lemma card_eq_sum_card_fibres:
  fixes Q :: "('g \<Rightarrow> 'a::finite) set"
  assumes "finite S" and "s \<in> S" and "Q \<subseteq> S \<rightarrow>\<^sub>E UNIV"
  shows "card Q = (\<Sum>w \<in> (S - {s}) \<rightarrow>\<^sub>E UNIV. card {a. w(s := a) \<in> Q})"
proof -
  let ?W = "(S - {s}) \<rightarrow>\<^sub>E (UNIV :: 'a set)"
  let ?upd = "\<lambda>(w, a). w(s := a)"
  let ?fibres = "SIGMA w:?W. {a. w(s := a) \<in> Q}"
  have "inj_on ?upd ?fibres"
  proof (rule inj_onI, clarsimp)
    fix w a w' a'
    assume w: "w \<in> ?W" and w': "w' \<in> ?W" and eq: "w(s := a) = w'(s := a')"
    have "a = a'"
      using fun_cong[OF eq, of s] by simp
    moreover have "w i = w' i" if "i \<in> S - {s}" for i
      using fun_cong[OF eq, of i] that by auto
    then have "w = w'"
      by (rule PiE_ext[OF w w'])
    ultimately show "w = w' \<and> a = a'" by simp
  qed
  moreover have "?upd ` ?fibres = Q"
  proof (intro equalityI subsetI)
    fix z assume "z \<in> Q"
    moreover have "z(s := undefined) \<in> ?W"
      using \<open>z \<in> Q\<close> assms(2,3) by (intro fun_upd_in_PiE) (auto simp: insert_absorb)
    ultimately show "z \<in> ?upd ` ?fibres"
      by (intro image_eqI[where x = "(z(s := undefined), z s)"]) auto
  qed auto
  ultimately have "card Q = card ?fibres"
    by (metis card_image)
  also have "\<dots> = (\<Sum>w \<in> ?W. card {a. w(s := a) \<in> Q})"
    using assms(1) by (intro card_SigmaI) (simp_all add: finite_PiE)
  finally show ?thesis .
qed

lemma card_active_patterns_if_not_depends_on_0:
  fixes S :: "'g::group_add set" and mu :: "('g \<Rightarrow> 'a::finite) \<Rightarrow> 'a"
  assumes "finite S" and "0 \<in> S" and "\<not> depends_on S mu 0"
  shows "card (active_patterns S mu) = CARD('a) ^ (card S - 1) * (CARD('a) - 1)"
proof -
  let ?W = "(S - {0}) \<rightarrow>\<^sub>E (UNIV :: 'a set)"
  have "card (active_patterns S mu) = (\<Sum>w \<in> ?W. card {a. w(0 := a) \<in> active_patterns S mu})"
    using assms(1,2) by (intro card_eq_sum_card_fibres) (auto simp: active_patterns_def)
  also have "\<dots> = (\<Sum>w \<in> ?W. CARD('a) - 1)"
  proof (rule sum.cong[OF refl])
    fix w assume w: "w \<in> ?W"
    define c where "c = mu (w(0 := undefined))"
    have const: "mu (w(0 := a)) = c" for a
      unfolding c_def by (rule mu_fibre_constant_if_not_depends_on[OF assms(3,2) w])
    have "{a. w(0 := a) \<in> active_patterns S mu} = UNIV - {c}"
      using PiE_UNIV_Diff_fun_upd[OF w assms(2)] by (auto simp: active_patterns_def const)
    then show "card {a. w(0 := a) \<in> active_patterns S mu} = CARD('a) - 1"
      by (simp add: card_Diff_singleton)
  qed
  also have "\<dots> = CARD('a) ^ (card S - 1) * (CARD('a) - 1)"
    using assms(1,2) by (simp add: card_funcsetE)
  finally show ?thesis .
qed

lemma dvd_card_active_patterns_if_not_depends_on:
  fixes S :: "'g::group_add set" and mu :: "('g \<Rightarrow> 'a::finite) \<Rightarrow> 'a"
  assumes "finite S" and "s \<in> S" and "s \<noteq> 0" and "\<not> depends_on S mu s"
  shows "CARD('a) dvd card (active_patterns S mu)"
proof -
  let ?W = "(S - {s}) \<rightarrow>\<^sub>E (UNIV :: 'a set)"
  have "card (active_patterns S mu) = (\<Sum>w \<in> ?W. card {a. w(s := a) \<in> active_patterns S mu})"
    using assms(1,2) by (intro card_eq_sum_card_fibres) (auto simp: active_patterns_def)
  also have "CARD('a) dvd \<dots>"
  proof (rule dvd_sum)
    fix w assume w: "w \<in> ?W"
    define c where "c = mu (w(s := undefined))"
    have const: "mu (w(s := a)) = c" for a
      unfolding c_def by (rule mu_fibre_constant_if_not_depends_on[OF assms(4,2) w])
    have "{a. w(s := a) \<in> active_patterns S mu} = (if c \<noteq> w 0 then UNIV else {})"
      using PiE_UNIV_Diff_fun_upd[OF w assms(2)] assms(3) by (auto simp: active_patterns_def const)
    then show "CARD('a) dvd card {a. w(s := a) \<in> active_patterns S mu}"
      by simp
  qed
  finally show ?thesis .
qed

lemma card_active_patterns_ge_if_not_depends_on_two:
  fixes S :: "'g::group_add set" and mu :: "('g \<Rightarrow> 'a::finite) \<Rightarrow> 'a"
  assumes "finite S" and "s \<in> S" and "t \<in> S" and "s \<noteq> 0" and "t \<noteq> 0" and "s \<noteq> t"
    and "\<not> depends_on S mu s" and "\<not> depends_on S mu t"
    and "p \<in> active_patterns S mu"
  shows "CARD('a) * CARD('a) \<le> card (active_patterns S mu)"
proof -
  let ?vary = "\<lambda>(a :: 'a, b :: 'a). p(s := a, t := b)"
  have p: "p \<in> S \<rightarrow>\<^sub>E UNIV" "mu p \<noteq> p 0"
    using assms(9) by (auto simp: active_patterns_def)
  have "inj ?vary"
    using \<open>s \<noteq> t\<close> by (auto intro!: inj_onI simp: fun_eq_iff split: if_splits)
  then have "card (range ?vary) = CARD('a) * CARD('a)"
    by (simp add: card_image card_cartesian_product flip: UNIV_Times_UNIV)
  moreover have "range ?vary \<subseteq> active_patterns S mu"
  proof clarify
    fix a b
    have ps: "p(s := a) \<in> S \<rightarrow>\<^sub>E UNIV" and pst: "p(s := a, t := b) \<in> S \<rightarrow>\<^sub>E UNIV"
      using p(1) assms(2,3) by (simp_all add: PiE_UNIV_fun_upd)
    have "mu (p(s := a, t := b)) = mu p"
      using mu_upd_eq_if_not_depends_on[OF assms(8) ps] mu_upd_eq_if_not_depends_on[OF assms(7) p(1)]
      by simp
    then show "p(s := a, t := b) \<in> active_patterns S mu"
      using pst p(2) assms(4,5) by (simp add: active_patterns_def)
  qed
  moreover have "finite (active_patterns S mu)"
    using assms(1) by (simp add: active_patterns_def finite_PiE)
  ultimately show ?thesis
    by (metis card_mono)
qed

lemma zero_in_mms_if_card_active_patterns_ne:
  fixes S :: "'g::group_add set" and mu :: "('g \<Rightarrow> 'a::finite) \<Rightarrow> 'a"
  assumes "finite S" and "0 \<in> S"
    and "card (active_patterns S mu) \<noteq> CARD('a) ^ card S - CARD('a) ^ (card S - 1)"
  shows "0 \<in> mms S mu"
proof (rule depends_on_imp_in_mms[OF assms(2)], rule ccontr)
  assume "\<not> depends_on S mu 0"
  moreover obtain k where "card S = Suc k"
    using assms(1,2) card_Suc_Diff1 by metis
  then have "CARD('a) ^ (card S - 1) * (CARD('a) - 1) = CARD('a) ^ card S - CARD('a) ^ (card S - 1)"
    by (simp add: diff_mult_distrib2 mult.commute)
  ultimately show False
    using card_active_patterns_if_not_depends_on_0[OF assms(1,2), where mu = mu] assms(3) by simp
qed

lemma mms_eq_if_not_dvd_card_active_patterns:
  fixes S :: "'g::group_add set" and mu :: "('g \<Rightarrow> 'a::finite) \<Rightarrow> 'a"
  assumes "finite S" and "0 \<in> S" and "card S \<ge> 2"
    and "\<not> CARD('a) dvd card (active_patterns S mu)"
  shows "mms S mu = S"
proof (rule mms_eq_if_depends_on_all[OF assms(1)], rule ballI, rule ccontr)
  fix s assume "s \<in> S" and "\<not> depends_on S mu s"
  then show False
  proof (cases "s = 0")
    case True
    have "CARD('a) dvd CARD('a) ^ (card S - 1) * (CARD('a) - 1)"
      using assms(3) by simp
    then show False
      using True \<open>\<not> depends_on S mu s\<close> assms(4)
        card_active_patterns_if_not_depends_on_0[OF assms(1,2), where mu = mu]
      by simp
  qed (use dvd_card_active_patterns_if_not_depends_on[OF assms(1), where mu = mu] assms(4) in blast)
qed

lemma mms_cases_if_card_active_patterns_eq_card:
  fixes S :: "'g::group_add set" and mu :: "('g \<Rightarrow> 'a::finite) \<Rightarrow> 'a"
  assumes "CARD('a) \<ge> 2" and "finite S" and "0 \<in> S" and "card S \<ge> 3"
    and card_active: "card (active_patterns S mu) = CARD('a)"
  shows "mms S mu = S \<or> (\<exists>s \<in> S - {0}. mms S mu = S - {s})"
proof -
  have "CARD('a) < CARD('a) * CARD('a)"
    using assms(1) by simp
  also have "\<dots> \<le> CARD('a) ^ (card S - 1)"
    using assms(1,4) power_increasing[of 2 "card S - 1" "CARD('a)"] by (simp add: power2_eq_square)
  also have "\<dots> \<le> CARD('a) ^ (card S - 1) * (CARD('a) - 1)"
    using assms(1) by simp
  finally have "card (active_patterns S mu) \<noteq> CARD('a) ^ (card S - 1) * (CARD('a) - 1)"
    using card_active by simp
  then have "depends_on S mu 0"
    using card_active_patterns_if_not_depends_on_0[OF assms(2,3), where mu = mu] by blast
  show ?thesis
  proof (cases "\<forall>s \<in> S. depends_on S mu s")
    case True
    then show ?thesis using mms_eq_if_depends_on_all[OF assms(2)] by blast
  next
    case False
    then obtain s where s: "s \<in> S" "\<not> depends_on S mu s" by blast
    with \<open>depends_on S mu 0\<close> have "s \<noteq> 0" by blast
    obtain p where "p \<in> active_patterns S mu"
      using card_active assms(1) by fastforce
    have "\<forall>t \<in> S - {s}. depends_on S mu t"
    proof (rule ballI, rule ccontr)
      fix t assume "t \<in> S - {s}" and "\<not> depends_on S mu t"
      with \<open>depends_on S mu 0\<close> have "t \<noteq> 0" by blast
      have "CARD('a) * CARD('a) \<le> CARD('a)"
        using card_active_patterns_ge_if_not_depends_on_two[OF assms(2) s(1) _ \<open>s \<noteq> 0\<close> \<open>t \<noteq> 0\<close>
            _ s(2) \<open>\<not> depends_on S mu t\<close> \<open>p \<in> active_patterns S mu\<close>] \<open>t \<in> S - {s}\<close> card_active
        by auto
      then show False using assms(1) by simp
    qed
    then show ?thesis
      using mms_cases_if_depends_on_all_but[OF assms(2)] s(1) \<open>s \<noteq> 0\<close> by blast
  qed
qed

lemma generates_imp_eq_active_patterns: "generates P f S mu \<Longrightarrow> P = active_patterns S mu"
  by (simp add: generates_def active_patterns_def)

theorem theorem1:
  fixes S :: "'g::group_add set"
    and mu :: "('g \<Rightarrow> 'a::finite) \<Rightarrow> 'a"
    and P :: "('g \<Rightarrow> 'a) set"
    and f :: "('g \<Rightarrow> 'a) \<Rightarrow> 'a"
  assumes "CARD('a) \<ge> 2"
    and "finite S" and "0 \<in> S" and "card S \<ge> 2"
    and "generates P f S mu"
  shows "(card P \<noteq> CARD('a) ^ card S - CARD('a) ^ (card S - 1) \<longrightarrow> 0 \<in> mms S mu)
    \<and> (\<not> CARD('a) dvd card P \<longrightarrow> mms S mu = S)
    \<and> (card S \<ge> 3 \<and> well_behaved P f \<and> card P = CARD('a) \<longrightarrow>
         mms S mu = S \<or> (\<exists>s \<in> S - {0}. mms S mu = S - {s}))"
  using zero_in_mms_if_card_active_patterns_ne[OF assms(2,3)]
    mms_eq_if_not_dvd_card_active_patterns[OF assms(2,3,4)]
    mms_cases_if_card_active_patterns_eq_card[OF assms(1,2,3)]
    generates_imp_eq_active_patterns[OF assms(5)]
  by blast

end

= = = = = = =

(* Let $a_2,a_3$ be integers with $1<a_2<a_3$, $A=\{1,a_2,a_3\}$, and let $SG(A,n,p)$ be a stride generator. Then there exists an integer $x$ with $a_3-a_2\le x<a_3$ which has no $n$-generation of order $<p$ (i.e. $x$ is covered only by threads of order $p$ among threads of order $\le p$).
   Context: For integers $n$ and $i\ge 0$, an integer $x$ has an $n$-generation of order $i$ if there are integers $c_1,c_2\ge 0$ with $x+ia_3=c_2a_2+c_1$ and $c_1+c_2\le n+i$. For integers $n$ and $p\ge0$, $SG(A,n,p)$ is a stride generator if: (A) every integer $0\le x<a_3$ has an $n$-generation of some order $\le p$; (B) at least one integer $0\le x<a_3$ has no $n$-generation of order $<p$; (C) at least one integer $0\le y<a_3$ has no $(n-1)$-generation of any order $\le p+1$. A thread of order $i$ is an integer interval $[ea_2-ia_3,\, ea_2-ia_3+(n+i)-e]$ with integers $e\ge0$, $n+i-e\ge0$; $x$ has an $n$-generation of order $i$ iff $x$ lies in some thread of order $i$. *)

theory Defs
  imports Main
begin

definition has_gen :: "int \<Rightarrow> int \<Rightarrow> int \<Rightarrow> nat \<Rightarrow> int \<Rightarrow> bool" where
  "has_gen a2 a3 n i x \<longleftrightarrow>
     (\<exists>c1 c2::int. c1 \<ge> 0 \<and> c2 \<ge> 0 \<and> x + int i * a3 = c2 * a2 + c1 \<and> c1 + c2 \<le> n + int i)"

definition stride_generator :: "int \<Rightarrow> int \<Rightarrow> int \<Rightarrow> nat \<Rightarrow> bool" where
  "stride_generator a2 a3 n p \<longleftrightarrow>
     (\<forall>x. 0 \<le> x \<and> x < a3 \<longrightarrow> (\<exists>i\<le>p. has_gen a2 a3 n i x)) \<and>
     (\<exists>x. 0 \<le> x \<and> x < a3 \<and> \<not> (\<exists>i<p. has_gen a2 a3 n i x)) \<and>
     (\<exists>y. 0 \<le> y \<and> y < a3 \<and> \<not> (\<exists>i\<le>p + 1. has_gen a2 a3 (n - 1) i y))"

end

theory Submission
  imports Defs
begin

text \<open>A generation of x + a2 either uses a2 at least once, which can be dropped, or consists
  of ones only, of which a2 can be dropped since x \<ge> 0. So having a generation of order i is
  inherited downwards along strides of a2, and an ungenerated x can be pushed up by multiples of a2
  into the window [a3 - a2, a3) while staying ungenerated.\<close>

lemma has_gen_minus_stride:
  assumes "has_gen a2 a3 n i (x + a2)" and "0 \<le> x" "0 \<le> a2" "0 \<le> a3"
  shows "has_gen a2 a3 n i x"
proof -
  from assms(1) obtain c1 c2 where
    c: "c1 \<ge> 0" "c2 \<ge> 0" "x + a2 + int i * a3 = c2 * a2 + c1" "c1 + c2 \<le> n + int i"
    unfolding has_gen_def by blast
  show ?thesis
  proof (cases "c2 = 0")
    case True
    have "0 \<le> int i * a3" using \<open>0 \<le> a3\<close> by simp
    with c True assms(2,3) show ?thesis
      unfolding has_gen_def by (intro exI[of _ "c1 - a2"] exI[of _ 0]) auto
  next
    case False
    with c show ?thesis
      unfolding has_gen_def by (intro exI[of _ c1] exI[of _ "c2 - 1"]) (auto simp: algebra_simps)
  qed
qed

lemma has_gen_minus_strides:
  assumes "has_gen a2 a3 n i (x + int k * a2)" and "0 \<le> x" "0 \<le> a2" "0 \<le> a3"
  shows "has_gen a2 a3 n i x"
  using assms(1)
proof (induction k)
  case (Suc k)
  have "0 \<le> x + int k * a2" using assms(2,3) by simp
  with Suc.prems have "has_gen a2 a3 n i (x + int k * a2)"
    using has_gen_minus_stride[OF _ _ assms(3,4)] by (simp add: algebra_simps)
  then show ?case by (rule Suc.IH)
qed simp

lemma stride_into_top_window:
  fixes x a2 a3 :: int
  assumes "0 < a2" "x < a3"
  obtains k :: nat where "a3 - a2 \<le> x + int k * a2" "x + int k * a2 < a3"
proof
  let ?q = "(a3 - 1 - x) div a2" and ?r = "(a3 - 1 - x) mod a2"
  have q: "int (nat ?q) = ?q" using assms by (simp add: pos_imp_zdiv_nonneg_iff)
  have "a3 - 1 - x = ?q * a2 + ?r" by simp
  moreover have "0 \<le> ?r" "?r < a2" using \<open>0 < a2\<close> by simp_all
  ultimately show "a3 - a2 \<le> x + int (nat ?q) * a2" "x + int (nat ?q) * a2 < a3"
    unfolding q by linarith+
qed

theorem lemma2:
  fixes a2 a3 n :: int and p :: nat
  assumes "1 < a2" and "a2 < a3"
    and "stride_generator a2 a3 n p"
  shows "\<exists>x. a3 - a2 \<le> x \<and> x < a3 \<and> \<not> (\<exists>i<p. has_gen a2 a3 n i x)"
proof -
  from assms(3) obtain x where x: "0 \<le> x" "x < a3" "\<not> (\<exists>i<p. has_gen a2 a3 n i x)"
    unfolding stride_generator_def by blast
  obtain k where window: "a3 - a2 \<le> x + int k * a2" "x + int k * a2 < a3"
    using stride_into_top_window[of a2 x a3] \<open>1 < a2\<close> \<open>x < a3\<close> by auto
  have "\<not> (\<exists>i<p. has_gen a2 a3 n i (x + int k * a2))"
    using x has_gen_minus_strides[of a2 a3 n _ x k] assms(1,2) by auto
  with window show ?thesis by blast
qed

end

= = = = = = =

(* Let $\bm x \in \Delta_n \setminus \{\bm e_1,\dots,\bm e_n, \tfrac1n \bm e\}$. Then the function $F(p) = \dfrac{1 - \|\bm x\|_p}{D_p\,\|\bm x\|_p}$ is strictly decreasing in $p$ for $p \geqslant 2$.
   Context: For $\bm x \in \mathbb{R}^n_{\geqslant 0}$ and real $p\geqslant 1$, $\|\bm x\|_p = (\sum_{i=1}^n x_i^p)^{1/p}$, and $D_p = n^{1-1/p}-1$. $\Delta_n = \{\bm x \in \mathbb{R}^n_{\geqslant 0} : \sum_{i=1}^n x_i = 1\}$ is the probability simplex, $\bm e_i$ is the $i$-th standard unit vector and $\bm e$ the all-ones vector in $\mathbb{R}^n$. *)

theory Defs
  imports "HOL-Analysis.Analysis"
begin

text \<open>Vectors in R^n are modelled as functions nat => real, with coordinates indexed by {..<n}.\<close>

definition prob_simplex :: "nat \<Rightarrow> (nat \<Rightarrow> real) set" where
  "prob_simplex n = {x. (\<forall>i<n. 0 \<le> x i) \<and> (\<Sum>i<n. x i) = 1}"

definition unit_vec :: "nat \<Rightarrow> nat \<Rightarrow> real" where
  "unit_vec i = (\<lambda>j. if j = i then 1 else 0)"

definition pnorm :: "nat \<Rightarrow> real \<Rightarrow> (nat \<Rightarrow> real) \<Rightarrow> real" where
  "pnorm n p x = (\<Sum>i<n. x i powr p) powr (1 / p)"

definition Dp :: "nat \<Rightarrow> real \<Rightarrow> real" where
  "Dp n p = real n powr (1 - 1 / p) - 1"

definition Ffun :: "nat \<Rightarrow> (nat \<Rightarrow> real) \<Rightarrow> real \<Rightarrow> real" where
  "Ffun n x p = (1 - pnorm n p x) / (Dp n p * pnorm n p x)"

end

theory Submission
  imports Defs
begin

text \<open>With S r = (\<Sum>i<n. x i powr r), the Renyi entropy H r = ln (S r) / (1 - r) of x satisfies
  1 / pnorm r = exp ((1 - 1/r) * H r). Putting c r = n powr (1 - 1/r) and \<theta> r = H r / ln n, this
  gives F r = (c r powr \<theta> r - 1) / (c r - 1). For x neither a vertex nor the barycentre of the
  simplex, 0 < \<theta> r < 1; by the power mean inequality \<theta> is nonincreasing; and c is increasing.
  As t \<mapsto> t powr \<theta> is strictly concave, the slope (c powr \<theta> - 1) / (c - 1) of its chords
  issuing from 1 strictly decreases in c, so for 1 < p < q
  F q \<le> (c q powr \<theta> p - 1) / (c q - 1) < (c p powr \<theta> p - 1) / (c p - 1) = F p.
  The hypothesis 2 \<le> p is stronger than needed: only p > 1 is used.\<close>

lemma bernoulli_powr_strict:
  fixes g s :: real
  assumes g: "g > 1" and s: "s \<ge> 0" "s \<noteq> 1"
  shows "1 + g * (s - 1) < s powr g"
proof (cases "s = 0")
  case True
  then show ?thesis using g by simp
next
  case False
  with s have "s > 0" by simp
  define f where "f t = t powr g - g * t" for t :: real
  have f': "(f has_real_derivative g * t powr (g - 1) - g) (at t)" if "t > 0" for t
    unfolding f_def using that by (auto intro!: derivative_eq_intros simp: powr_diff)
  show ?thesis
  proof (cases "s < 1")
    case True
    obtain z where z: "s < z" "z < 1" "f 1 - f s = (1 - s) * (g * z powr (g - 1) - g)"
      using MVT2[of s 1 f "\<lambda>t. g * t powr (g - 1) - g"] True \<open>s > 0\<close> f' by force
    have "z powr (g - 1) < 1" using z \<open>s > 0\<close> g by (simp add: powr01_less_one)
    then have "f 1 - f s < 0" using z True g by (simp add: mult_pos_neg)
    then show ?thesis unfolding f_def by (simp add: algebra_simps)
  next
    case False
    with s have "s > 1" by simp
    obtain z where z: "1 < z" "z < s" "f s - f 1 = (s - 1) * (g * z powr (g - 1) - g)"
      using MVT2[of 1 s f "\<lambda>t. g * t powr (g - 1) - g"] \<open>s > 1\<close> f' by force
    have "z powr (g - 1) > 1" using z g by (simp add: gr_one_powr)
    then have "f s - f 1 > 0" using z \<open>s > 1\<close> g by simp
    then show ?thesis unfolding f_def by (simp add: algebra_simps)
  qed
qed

= = = = = = =

TASK ITEM =
Write down exactly the span of lines above from the one containing "by (metis card_mono)" to the one containing "using assms(1,2) card_Suc_Diff1 by metis", both ends included.

RESULT =
    by (metis card_mono)
qed

lemma zero_in_mms_if_card_active_patterns_ne:
  fixes S :: "'g::group_add set" and mu :: "('g \<Rightarrow> 'a::finite) \<Rightarrow> 'a"
  assumes "finite S" and "0 \<in> S"
    and "card (active_patterns S mu) \<noteq> CARD('a) ^ card S - CARD('a) ^ (card S - 1)"
  shows "0 \<in> mms S mu"
proof (rule depends_on_imp_in_mms[OF assms(2)], rule ccontr)
  assume "\<not> depends_on S mu 0"
  moreover obtain k where "card S = Suc k"
    using assms(1,2) card_Suc_Diff1 by metis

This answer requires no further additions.